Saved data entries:
[Start of Attachment]
text \<open>By Fermat's little theorem, \<open>i\<^sub>p\<close> turns every residue into the indicator of its being
  nonzero. The first layer therefore flags the tree nodes whose subtree contains a leaf \<open>i\<close> with
  \<open>c(i) = \<ell>\<close>: this is exact on the ancestors of \<open>i\<^sup>*\<close> by \<open>A\<close>-correctness, and trivially exact on
  subtrees lying strictly left of \<open>i\<^sup>*\<close>, which contain no such leaf. Row \<open>j\<close> of \<open>R\<close> adds the flags
  of the at most \<open>d < p\<close> maximal subtrees tiling the leaves \<open>1..j\<close>, so the second layer is the prefix
  indicator \<open>[i\<^sup>* \<le> j]\<close>. Its discrete derivative \<open>P\<close> is the unit vector at \<open>i\<^sup>*\<close>, which \<open>S\<close> maps to
  the bits of \<open>i\<^sup>* - 1\<close>. For the degree bound, the entries of \<open>Ind\<close> are products of \<open>t\<close> quadratics
  \<open>1 - (b - b')\<^sup>2\<close> in the bits, and each of the two layers raises the degree by a factor \<open>p - 1\<close>.\<close>

section \<open>Polynomials over \<open>\<int>\<^sub>p\<close> of bounded degree\<close>

lemma poly_Zp_deg_of_indexed:
  fixes I :: "'i set" and E :: "'i \<Rightarrow> 'v \<Rightarrow> nat" and cf :: "'i \<Rightarrow> int"
  assumes fin: "finite I"
    and deg: "\<forall>i\<in>I. (\<forall>v. E i v \<noteq> 0 \<longrightarrow> v \<in> V) \<and> (\<Sum>v\<in>V. E i v) \<le> D"
    and val: "\<forall>\<beta>\<in>Dom. f \<beta> mod int p = (\<Sum>i\<in>I. cf i * (\<Prod>v\<in>V. int (\<beta> v) ^ E i v)) mod int p"
  shows "poly_Zp_deg p V D Dom f"
proof -
  define mon where "mon \<beta> e = (\<Prod>v\<in>V. int (\<beta> v) ^ e v)" for \<beta> e
  have collect: "(\<Sum>i\<in>I. cf i * mon \<beta> (E i)) = (\<Sum>e\<in>E`I. (\<Sum>i\<in>{i\<in>I. E i = e}. cf i) * mon \<beta> e)"
    for \<beta>
  proof -
    have "(\<Sum>i\<in>I. cf i * mon \<beta> (E i)) = (\<Sum>e\<in>E`I. \<Sum>i\<in>{i\<in>I. E i = e}. cf i * mon \<beta> (E i))"
      by (rule sum.image_gen[OF fin])
    also have "\<dots> = (\<Sum>e\<in>E`I. (\<Sum>i\<in>{i\<in>I. E i = e}. cf i) * mon \<beta> e)"
      by (rule sum.cong) (auto simp: sum_distrib_right)
    finally show ?thesis .
  qed
  show ?thesis
    unfolding poly_Zp_deg_def
    by (rule exI[of _ "E`I"], rule exI[of _ "\<lambda>e. \<Sum>i\<in>{i\<in>I. E i = e}. cf i"])
      (use fin deg val collect in \<open>auto simp: mon_def\<close>)
qed

lemma poly_Zp_deg_cong:
  assumes "\<forall>\<beta>\<in>Dom. f \<beta> mod int p = g \<beta> mod int p" "poly_Zp_deg p V D Dom g"
  shows "poly_Zp_deg p V D Dom f"
  using assms unfolding poly_Zp_deg_def by (elim exE conjE, intro exI conjI) auto

lemma poly_Zp_deg_mono:
  assumes "D \<le> D'" "poly_Zp_deg p V D Dom f"
  shows "poly_Zp_deg p V D' Dom f"
  using assms unfolding poly_Zp_deg_def by (elim exE conjE, intro exI conjI) (auto intro: order_trans)

lemma poly_Zp_deg_const: "poly_Zp_deg p V 0 Dom (\<lambda>\<beta>. c)"
  by (rule poly_Zp_deg_of_indexed[where I="{()}" and E="\<lambda>_ _. 0" and cf="\<lambda>_. c"]) auto

lemma poly_Zp_deg_var:
  assumes "finite V" "v \<in> V"
  shows "poly_Zp_deg p V 1 Dom (\<lambda>\<beta>. int (\<beta> v))"
proof (rule poly_Zp_deg_of_indexed[where I="{()}" and E="\<lambda>_ w. if w = v then 1 else 0" and cf="\<lambda>_. 1"])
  have "(\<Prod>w\<in>V. int (\<beta> w) ^ (if w = v then 1 else 0)) = (\<Prod>w\<in>V. if w = v then int (\<beta> w) else 1)"
    for \<beta> by (rule prod.cong) auto
  then show "\<forall>\<beta>\<in>Dom. int (\<beta> v) mod int p =
      (\<Sum>i\<in>{()}. 1 * (\<Prod>w\<in>V. int (\<beta> w) ^ (if w = v then 1 else 0))) mod int p"
    using assms by (simp add: prod.delta)
qed (use assms in \<open>auto simp: sum.delta\<close>)

lemma poly_Zp_deg_add:
  assumes "poly_Zp_deg p V D Dom f" "poly_Zp_deg p V D Dom g"
  shows "poly_Zp_deg p V D Dom (\<lambda>\<beta>. f \<beta> + g \<beta>)"
proof -
  obtain M1 c1 where 1: "finite M1" "\<forall>e\<in>M1. (\<forall>v. e v \<noteq> 0 \<longrightarrow> v \<in> V) \<and> (\<Sum>v\<in>V. e v) \<le> D"
    "\<forall>\<beta>\<in>Dom. f \<beta> mod int p = (\<Sum>e\<in>M1. c1 e * (\<Prod>v\<in>V. int (\<beta> v) ^ e v)) mod int p"
    using assms(1) unfolding poly_Zp_deg_def by blast
  obtain M2 c2 where 2: "finite M2" "\<forall>e\<in>M2. (\<forall>v. e v \<noteq> 0 \<longrightarrow> v \<in> V) \<and> (\<Sum>v\<in>V. e v) \<le> D"
    "\<forall>\<beta>\<in>Dom. g \<beta> mod int p = (\<Sum>e\<in>M2. c2 e * (\<Prod>v\<in>V. int (\<beta> v) ^ e v)) mod int p"
    using assms(2) unfolding poly_Zp_deg_def by blast
  show ?thesis
  proof (rule poly_Zp_deg_of_indexed[where I="M1 <+> M2" and E="case_sum id id" and cf="case_sum c1 c2"])
    show "\<forall>\<beta>\<in>Dom. (f \<beta> + g \<beta>) mod int p =
        (\<Sum>i\<in>M1 <+> M2. case_sum c1 c2 i * (\<Prod>v\<in>V. int (\<beta> v) ^ case_sum id id i v)) mod int p"
    proof
      fix \<beta> assume "\<beta> \<in> Dom"
      have "(f \<beta> + g \<beta>) mod int p = (f \<beta> mod int p + g \<beta> mod int p) mod int p"
        by (simp add: mod_add_eq)
      also have "\<dots> = ((\<Sum>e\<in>M1. c1 e * (\<Prod>v\<in>V. int (\<beta> v) ^ e v)) mod int p
          + (\<Sum>e\<in>M2. c2 e * (\<Prod>v\<in>V. int (\<beta> v) ^ e v)) mod int p) mod int p"
        using 1(3) 2(3) \<open>\<beta> \<in> Dom\<close> by simp
      also have "\<dots> = ((\<Sum>e\<in>M1. c1 e * (\<Prod>v\<in>V. int (\<beta> v) ^ e v))
          + (\<Sum>e\<in>M2. c2 e * (\<Prod>v\<in>V. int (\<beta> v) ^ e v))) mod int p"
        by (simp add: mod_add_eq)
      also have "\<dots> = (\<Sum>i\<in>M1 <+> M2. case_sum c1 c2 i * (\<Prod>v\<in>V. int (\<beta> v) ^ case_sum id id i v)) mod int p"
        using 1(1) 2(1) by (simp add: sum.Plus comp_def)
      finally show "(f \<beta> + g \<beta>) mod int p =
          (\<Sum>i\<in>M1 <+> M2. case_sum c1 c2 i * (\<Prod>v\<in>V. int (\<beta> v) ^ case_sum id id i v)) mod int p" .
    qed
  qed (use 1 2 in auto)
qed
[End of Attachment]
**TO DO:**
Having read the records above, print them out again exactly.

**FINISHED TASK:**
text \<open>By Fermat's little theorem, \<open>i\<^sub>p\<close> turns every residue into the indicator of its being
  nonzero. The first layer therefore flags the tree nodes whose subtree contains a leaf \<open>i\<close> with
  \<open>c(i) = \<ell>\<close>: this is exact on the ancestors of \<open>i\<^sup>*\<close> by \<open>A\<close>-correctness, and trivially exact on
  subtrees lying strictly left of \<open>i\<^sup>*\<close>, which contain no such leaf. Row \<open>j\<close> of \<open>R\<close> adds the flags
  of the at most \<open>d < p\<close> maximal subtrees tiling the leaves \<open>1..j\<close>, so the second layer is the prefix
  indicator \<open>[i\<^sup>* \<le> j]\<close>. Its discrete derivative \<open>P\<close> is the unit vector at \<open>i\<^sup>*\<close>, which \<open>S\<close> maps to
  the bits of \<open>i\<^sup>* - 1\<close>. For the degree bound, the entries of \<open>Ind\<close> are products of \<open>t\<close> quadratics
  \<open>1 - (b - b')\<^sup>2\<close> in the bits, and each of the two layers raises the degree by a factor \<open>p - 1\<close>.\<close>

section \<open>Polynomials over \<open>\<int>\<^sub>p\<close> of bounded degree\<close>

lemma poly_Zp_deg_of_indexed:
  fixes I :: "'i set" and E :: "'i \<Rightarrow> 'v \<Rightarrow> nat" and cf :: "'i \<Rightarrow> int"
  assumes fin: "finite I"
    and deg: "\<forall>i\<in>I. (\<forall>v. E i v \<noteq> 0 \<longrightarrow> v \<in> V) \<and> (\<Sum>v\<in>V. E i v) \<le> D"
    and val: "\<forall>\<beta>\<in>Dom. f \<beta> mod int p = (\<Sum>i\<in>I. cf i * (\<Prod>v\<in>V. int (\<beta> v) ^ E i v)) mod int p"
  shows "poly_Zp_deg p V D Dom f"
proof -
  define mon where "mon \<beta> e = (\<Prod>v\<in>V. int (\<beta> v) ^ e v)" for \<beta> e
  have collect: "(\<Sum>i\<in>I. cf i * mon \<beta> (E i)) = (\<Sum>e\<in>E`I. (\<Sum>i\<in>{i\<in>I. E i = e}. cf i) * mon \<beta> e)"
    for \<beta>
  proof -
    have "(\<Sum>i\<in>I. cf i * mon \<beta> (E i)) = (\<Sum>e\<in>E`I. \<Sum>i\<in>{i\<in>I. E i = e}. cf i * mon \<beta> (E i))"
      by (rule sum.image_gen[OF fin])
    also have "\<dots> = (\<Sum>e\<in>E`I. (\<Sum>i\<in>{i\<in>I. E i = e}. cf i) * mon \<beta> e)"
      by (rule sum.cong) (auto simp: sum_distrib_right)
    finally show ?thesis .
  qed
  show ?thesis
    unfolding poly_Zp_deg_def
    by (rule exI[of _ "E`I"], rule exI[of _ "\<lambda>e. \<Sum>i\<in>{i\<in>I. E i = e}. cf i"])
      (use fin deg val collect in \<open>auto simp: mon_def\<close>)
qed

lemma poly_Zp_deg_cong:
  assumes "\<forall>\<beta>\<in>Dom. f \<beta> mod int p = g \<beta> mod int p" "poly_Zp_deg p V D Dom g"
  shows "poly_Zp_deg p V D Dom f"
  using assms unfolding poly_Zp_deg_def by (elim exE conjE, intro exI conjI) auto

lemma poly_Zp_deg_mono:
  assumes "D \<le> D'" "poly_Zp_deg p V D Dom f"
  shows "poly_Zp_deg p V D' Dom f"
  using assms unfolding poly_Zp_deg_def by (elim exE conjE, intro exI conjI) (auto intro: order_trans)

lemma poly_Zp_deg_const: "poly_Zp_deg p V 0 Dom (\<lambda>\<beta>. c)"
  by (rule poly_Zp_deg_of_indexed[where I="{()}" and E="\<lambda>_ _. 0" and cf="\<lambda>_. c"]) auto

lemma poly_Zp_deg_var:
  assumes "finite V" "v \<in> V"
  shows "poly_Zp_deg p V 1 Dom (\<lambda>\<beta>. int (\<beta> v))"
proof (rule poly_Zp_deg_of_indexed[where I="{()}" and E="\<lambda>_ w. if w = v then 1 else 0" and cf="\<lambda>_. 1"])
  have "(\<Prod>w\<in>V. int (\<beta> w) ^ (if w = v then 1 else 0)) = (\<Prod>w\<in>V. if w = v then int (\<beta> w) else 1)"
    for \<beta> by (rule prod.cong) auto
  then show "\<forall>\<beta>\<in>Dom. int (\<beta> v) mod int p =
      (\<Sum>i\<in>{()}. 1 * (\<Prod>w\<in>V. int (\<beta> w) ^ (if w = v then 1 else 0))) mod int p"
    using assms by (simp add: prod.delta)
qed (use assms in \<open>auto simp: sum.delta\<close>)

lemma poly_Zp_deg_add:
  assumes "poly_Zp_deg p V D Dom f" "poly_Zp_deg p V D Dom g"
  shows "poly_Zp_deg p V D Dom (\<lambda>\<beta>. f \<beta> + g \<beta>)"
proof -
  obtain M1 c1 where 1: "finite M1" "\<forall>e\<in>M1. (\<forall>v. e v \<noteq> 0 \<longrightarrow> v \<in> V) \<and> (\<Sum>v\<in>V. e v) \<le> D"
    "\<forall>\<beta>\<in>Dom. f \<beta> mod int p = (\<Sum>e\<in>M1. c1 e * (\<Prod>v\<in>V. int (\<beta> v) ^ e v)) mod int p"
    using assms(1) unfolding poly_Zp_deg_def by blast
  obtain M2 c2 where 2: "finite M2" "\<forall>e\<in>M2. (\<forall>v. e v \<noteq> 0 \<longrightarrow> v \<in> V) \<and> (\<Sum>v\<in>V. e v) \<le> D"
    "\<forall>\<beta>\<in>Dom. g \<beta> mod int p = (\<Sum>e\<in>M2. c2 e * (\<Prod>v\<in>V. int (\<beta> v) ^ e v)) mod int p"
    using assms(2) unfolding poly_Zp_deg_def by blast
  show ?thesis
  proof (rule poly_Zp_deg_of_indexed[where I="M1 <+> M2" and E="case_sum id id" and cf="case_sum c1 c2"])
    show "\<forall>\<beta>\<in>Dom. (f \<beta> + g \<beta>) mod int p =
        (\<Sum>i\<in>M1 <+> M2. case_sum c1 c2 i * (\<Prod>v\<in>V. int (\<beta> v) ^ case_sum id id i v)) mod int p"
    proof
      fix \<beta> assume "\<beta> \<in> Dom"
      have "(f \<beta> + g \<beta>) mod int p = (f \<beta> mod int p + g \<beta> mod int p) mod int p"
        by (simp add: mod_add_eq)
      also have "\<dots> = ((\<Sum>e\<in>M1. c1 e * (\<Prod>v\<in>V. int (\<beta> v) ^ e v)) mod int p
          + (\<Sum>e\<in>M2. c2 e * (\<Prod>v\<in>V. int (\<beta> v) ^ e v)) mod int p) mod int p"
        using 1(3) 2(3) \<open>\<beta> \<in> Dom\<close> by simp
      also have "\<dots> = ((\<Sum>e\<in>M1. c1 e * (\<Prod>v\<in>V. int (\<beta> v) ^ e v))
          + (\<Sum>e\<in>M2. c2 e * (\<Prod>v\<in>V. int (\<beta> v) ^ e v))) mod int p"
        by (simp add: mod_add_eq)
      also have "\<dots> = (\<Sum>i\<in>M1 <+> M2. case_sum c1 c2 i * (\<Prod>v\<in>V. int (\<beta> v) ^ case_sum id id i v)) mod int p"
        using 1(1) 2(1) by (simp add: sum.Plus comp_def)
      finally show "(f \<beta> + g \<beta>) mod int p =
          (\<Sum>i\<in>M1 <+> M2. case_sum c1 c2 i * (\<Prod>v\<in>V. int (\<beta> v) ^ case_sum id id i v)) mod int p" .
    qed
  qed (use 1 2 in auto)
qed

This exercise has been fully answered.